WORK INSTRUCTIONS
Copy each line of the entries that includes the word "subgroup".

__________________________________________________

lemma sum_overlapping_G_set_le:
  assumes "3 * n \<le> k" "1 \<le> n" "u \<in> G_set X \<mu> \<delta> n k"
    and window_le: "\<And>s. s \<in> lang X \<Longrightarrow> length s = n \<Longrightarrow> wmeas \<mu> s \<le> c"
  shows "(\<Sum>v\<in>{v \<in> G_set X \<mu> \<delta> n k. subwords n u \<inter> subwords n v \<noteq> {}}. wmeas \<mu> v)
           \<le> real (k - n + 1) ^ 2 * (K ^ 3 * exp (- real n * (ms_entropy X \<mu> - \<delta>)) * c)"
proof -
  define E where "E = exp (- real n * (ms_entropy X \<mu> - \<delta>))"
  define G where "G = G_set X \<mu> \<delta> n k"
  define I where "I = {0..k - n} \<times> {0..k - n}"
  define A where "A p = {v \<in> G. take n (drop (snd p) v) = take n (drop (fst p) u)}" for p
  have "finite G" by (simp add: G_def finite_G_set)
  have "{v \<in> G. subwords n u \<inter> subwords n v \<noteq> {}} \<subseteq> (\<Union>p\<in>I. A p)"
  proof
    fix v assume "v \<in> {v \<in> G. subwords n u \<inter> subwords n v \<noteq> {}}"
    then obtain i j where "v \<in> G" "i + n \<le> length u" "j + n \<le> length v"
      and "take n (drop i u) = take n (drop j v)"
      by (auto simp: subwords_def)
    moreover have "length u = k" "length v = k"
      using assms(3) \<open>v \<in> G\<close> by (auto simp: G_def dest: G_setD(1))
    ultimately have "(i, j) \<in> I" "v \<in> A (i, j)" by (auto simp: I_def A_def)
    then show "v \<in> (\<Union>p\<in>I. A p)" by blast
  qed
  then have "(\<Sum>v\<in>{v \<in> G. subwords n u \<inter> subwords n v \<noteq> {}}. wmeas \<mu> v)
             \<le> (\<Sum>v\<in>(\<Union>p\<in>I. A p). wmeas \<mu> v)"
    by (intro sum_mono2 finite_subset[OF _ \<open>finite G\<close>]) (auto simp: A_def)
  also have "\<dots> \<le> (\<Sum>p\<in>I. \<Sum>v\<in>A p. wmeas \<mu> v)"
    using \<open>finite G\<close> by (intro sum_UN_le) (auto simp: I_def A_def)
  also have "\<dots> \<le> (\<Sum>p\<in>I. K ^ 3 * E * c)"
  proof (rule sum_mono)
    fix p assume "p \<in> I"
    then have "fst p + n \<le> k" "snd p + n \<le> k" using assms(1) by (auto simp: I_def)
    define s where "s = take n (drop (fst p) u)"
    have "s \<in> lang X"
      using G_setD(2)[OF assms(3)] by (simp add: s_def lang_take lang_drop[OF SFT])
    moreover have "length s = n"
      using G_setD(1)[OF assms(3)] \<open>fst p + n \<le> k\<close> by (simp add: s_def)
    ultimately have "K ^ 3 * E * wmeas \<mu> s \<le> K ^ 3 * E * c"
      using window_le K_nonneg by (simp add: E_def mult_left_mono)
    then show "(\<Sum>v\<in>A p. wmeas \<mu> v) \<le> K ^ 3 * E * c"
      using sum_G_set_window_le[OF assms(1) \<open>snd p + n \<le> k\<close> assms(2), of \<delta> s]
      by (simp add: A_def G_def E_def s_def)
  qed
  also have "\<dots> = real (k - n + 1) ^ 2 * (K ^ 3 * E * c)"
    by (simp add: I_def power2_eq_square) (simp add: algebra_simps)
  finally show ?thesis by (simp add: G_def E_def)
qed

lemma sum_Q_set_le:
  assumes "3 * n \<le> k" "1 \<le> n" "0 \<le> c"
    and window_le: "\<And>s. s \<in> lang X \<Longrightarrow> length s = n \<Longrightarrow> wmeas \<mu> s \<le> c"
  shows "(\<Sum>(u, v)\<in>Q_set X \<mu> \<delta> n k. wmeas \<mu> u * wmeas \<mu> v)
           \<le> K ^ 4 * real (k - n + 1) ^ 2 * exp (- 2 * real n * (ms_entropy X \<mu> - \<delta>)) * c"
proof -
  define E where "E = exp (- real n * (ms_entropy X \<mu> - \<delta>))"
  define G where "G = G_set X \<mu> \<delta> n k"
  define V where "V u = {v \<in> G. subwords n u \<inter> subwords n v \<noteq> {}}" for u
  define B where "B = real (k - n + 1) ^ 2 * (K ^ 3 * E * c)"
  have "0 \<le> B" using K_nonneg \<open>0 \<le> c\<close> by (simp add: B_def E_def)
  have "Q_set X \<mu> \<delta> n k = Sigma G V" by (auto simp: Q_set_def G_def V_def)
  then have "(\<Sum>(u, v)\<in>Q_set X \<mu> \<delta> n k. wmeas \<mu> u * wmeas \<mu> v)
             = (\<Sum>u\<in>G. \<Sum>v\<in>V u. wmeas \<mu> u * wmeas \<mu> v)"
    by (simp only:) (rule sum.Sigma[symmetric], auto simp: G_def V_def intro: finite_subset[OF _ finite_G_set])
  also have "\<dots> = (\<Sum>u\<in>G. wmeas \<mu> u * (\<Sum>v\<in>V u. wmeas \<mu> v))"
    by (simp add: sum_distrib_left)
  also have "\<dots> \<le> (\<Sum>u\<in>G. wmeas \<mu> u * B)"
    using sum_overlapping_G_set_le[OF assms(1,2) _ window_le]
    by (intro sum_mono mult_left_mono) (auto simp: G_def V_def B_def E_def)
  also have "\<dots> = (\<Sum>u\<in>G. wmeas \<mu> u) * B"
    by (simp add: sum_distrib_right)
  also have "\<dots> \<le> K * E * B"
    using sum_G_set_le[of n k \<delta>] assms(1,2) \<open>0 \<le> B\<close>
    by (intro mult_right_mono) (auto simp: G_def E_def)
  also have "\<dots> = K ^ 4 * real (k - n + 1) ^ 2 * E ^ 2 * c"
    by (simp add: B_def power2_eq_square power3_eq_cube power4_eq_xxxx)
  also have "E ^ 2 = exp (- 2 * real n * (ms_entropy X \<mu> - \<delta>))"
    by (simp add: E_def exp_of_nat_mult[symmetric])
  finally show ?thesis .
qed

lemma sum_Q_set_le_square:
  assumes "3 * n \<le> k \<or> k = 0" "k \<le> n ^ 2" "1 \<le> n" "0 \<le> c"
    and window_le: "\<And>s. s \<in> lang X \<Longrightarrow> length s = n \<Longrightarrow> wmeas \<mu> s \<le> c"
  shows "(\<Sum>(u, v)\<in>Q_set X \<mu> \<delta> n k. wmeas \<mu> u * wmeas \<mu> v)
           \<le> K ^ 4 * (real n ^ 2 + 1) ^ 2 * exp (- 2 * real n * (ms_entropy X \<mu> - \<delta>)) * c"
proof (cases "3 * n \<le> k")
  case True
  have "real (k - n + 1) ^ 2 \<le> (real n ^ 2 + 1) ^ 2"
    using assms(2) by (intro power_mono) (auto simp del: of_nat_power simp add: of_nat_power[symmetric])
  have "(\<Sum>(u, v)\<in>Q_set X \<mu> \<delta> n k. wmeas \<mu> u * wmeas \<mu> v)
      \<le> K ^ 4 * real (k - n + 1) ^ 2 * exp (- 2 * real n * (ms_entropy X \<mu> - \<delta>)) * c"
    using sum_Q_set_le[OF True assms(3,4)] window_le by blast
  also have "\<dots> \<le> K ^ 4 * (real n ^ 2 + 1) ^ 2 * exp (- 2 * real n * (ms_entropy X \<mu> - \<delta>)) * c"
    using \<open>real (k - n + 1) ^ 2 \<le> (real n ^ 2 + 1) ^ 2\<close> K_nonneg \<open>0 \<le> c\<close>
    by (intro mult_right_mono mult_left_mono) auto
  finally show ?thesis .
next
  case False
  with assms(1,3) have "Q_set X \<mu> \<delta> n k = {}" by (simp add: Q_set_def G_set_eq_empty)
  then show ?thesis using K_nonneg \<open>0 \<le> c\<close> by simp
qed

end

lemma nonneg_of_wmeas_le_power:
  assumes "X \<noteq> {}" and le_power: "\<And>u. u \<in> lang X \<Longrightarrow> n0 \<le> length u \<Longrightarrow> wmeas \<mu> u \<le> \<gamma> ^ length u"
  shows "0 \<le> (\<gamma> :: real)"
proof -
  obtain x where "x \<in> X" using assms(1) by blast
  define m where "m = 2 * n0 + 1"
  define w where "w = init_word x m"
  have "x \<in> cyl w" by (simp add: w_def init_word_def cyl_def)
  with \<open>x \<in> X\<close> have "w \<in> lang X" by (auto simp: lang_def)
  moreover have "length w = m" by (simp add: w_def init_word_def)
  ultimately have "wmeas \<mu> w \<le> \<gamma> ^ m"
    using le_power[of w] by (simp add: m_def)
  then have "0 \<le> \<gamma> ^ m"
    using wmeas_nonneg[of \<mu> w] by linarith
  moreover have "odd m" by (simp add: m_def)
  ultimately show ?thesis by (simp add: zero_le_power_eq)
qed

__________________________________________________

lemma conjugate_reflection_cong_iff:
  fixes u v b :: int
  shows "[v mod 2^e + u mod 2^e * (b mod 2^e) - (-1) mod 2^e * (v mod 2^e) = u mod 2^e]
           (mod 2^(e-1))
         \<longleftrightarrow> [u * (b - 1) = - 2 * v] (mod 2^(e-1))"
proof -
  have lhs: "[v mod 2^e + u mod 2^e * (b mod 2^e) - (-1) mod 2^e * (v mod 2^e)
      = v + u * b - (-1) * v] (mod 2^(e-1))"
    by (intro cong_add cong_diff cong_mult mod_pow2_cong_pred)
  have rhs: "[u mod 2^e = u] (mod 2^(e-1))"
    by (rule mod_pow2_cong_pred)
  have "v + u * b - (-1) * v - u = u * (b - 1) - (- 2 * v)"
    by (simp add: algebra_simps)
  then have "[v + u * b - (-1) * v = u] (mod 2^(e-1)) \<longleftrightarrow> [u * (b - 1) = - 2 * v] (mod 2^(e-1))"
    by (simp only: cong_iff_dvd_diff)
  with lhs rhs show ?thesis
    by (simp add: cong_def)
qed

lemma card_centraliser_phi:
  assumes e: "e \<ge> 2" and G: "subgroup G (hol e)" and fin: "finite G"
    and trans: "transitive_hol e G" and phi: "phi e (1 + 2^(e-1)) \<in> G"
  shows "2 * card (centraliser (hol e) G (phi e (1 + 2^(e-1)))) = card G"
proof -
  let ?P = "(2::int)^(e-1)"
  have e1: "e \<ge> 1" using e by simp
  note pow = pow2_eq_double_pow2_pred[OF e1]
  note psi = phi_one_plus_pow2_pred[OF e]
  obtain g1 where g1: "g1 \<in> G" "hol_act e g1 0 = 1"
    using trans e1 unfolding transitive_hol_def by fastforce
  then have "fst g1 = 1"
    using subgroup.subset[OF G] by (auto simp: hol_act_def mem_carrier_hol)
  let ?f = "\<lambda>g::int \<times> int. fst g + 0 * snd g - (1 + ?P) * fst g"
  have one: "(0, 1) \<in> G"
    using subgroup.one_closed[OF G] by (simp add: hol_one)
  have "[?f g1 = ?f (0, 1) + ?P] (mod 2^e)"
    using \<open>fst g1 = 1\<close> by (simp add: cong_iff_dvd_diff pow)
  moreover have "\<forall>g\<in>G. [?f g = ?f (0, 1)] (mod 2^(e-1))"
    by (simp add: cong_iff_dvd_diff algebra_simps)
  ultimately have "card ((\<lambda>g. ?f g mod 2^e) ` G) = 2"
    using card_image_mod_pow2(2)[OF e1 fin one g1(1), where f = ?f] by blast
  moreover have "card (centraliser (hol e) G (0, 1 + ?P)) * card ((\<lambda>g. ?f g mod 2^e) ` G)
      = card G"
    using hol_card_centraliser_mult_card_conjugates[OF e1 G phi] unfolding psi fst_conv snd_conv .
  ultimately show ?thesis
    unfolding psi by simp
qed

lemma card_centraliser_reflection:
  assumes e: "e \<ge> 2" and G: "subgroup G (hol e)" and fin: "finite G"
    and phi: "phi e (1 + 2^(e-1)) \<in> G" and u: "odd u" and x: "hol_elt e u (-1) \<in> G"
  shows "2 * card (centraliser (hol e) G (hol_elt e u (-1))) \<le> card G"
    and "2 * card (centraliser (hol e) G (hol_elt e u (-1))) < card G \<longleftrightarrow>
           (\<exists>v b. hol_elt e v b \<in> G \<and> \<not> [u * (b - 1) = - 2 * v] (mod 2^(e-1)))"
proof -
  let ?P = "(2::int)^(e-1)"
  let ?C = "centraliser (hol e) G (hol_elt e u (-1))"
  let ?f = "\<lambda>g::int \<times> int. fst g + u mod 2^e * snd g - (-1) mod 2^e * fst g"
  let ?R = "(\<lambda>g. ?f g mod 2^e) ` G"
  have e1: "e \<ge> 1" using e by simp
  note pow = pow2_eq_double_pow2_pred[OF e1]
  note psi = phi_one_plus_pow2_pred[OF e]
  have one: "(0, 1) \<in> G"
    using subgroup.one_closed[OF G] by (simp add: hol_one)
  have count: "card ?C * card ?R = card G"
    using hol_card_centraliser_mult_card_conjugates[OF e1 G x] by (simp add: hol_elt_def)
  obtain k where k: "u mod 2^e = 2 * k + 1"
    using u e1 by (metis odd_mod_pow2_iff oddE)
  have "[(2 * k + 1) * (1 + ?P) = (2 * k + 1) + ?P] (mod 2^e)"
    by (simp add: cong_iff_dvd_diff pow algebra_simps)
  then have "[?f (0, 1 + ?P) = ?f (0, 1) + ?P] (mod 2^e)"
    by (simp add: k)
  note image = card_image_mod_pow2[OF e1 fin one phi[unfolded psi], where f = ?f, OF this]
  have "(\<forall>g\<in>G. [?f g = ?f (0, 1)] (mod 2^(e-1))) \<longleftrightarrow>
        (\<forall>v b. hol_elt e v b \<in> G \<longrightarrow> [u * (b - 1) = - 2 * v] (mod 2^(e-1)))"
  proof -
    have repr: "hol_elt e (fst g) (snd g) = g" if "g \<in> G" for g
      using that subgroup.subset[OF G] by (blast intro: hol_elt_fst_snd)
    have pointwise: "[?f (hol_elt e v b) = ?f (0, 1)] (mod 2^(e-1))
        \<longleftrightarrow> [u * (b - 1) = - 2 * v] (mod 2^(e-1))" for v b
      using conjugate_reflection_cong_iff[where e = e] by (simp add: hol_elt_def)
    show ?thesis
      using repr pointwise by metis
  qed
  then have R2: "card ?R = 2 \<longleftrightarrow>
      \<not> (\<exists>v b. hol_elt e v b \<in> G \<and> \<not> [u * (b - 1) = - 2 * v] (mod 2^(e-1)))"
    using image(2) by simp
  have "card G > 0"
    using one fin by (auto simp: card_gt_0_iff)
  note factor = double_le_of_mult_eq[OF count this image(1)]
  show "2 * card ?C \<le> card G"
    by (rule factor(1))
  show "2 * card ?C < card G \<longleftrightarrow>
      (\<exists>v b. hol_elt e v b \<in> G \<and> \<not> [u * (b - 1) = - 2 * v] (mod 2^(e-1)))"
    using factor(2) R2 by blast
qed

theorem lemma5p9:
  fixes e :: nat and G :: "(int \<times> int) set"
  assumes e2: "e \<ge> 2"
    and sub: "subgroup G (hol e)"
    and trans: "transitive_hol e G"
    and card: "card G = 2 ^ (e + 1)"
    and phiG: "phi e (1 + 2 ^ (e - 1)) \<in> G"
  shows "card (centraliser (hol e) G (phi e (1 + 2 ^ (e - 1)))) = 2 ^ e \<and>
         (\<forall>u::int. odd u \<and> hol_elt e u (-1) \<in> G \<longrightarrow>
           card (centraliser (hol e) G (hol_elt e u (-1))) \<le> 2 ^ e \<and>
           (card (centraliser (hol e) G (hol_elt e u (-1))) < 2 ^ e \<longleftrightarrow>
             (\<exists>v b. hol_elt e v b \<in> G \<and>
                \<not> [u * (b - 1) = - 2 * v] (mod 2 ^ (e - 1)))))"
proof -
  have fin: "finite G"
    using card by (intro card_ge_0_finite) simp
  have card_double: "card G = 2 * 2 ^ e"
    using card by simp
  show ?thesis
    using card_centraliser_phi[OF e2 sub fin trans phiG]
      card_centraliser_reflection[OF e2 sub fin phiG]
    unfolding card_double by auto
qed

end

__________________________________________________

WRITTEN REPLY
  assumes e: "e \<ge> 2" and G: "subgroup G (hol e)" and fin: "finite G"
    using subgroup.subset[OF G] by (auto simp: hol_act_def mem_carrier_hol)
    using subgroup.one_closed[OF G] by (simp add: hol_one)
  assumes e: "e \<ge> 2" and G: "subgroup G (hol e)" and fin: "finite G"
    using subgroup.one_closed[OF G] by (simp add: hol_one)
      using that subgroup.subset[OF G] by (blast intro: hol_elt_fst_snd)
    and sub: "subgroup G (hol e)"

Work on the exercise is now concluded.